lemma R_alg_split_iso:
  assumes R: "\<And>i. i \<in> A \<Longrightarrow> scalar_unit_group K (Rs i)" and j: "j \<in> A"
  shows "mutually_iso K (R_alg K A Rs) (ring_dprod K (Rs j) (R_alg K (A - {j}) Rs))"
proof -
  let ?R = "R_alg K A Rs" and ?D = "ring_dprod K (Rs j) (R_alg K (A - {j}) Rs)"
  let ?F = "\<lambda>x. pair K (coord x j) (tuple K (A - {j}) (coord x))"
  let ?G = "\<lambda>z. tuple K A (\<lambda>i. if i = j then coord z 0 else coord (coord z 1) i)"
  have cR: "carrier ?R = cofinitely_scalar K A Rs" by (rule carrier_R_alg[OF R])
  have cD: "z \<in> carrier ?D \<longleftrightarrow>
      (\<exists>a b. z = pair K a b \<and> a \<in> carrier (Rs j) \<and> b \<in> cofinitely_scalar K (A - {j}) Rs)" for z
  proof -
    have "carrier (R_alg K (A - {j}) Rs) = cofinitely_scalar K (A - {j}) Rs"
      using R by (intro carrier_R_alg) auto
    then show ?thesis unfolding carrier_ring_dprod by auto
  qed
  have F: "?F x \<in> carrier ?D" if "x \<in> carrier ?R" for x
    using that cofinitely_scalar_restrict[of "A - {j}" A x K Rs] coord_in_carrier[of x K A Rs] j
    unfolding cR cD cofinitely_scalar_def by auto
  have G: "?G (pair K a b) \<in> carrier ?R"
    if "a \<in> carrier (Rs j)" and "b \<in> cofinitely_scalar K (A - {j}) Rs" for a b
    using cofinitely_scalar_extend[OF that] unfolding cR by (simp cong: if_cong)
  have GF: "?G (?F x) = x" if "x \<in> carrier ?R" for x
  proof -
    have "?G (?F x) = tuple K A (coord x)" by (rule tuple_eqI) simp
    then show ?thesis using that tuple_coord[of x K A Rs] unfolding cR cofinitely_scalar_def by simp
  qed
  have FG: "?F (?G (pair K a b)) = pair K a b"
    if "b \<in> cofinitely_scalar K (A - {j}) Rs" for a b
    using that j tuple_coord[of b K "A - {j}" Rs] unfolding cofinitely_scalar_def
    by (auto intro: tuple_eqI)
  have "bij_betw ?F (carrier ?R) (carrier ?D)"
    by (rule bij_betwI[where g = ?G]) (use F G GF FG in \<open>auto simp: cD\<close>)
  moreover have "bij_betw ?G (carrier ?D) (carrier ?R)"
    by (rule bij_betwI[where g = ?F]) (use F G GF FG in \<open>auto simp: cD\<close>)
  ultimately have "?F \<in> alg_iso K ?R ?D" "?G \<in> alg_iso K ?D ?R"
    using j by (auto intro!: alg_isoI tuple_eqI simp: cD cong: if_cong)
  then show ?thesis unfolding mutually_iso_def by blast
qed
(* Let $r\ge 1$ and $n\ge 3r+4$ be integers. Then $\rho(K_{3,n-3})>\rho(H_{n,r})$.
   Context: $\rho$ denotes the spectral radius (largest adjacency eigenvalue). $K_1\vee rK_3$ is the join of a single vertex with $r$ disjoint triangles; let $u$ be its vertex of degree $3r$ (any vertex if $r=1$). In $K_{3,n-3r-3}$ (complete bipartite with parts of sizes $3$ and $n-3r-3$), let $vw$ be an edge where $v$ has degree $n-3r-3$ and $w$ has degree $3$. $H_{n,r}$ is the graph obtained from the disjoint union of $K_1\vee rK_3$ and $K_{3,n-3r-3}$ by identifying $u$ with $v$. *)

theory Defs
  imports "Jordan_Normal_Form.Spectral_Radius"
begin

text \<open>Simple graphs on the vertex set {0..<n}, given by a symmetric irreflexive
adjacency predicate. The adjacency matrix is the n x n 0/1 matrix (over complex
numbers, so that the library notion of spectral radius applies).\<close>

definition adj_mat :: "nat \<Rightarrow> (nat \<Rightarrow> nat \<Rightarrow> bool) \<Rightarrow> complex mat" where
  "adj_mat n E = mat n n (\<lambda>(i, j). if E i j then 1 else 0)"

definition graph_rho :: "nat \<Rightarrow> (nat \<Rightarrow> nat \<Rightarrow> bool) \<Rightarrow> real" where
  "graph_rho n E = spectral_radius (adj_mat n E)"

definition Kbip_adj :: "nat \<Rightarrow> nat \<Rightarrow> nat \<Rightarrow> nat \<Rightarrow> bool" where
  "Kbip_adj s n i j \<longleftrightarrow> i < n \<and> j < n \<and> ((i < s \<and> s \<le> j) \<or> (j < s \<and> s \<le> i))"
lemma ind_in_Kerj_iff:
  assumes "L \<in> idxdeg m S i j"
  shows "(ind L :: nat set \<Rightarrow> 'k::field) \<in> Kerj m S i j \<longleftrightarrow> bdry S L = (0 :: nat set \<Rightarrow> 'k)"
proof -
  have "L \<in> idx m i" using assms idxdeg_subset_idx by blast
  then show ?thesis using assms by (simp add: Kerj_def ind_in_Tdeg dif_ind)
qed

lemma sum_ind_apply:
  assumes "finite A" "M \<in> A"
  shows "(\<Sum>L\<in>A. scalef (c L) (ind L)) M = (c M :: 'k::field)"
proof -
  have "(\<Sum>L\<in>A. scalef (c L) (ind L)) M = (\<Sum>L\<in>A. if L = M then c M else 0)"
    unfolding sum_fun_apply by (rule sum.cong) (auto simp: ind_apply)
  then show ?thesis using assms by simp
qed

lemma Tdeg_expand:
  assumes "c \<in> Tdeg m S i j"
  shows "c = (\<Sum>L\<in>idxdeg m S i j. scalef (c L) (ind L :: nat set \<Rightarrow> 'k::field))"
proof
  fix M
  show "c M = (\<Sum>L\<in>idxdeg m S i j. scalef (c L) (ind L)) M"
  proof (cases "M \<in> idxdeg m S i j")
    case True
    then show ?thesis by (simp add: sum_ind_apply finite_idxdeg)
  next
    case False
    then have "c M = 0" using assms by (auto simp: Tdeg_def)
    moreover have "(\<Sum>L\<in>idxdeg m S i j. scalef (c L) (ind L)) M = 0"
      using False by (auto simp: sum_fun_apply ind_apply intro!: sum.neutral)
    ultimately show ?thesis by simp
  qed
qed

[Assigned task] Filter the entries above and keep only the lines with the word "lemma".

[Response for this exercise]
lemma R_alg_split_iso:
lemma ind_in_Kerj_iff:
lemma sum_ind_apply:
lemma Tdeg_expand:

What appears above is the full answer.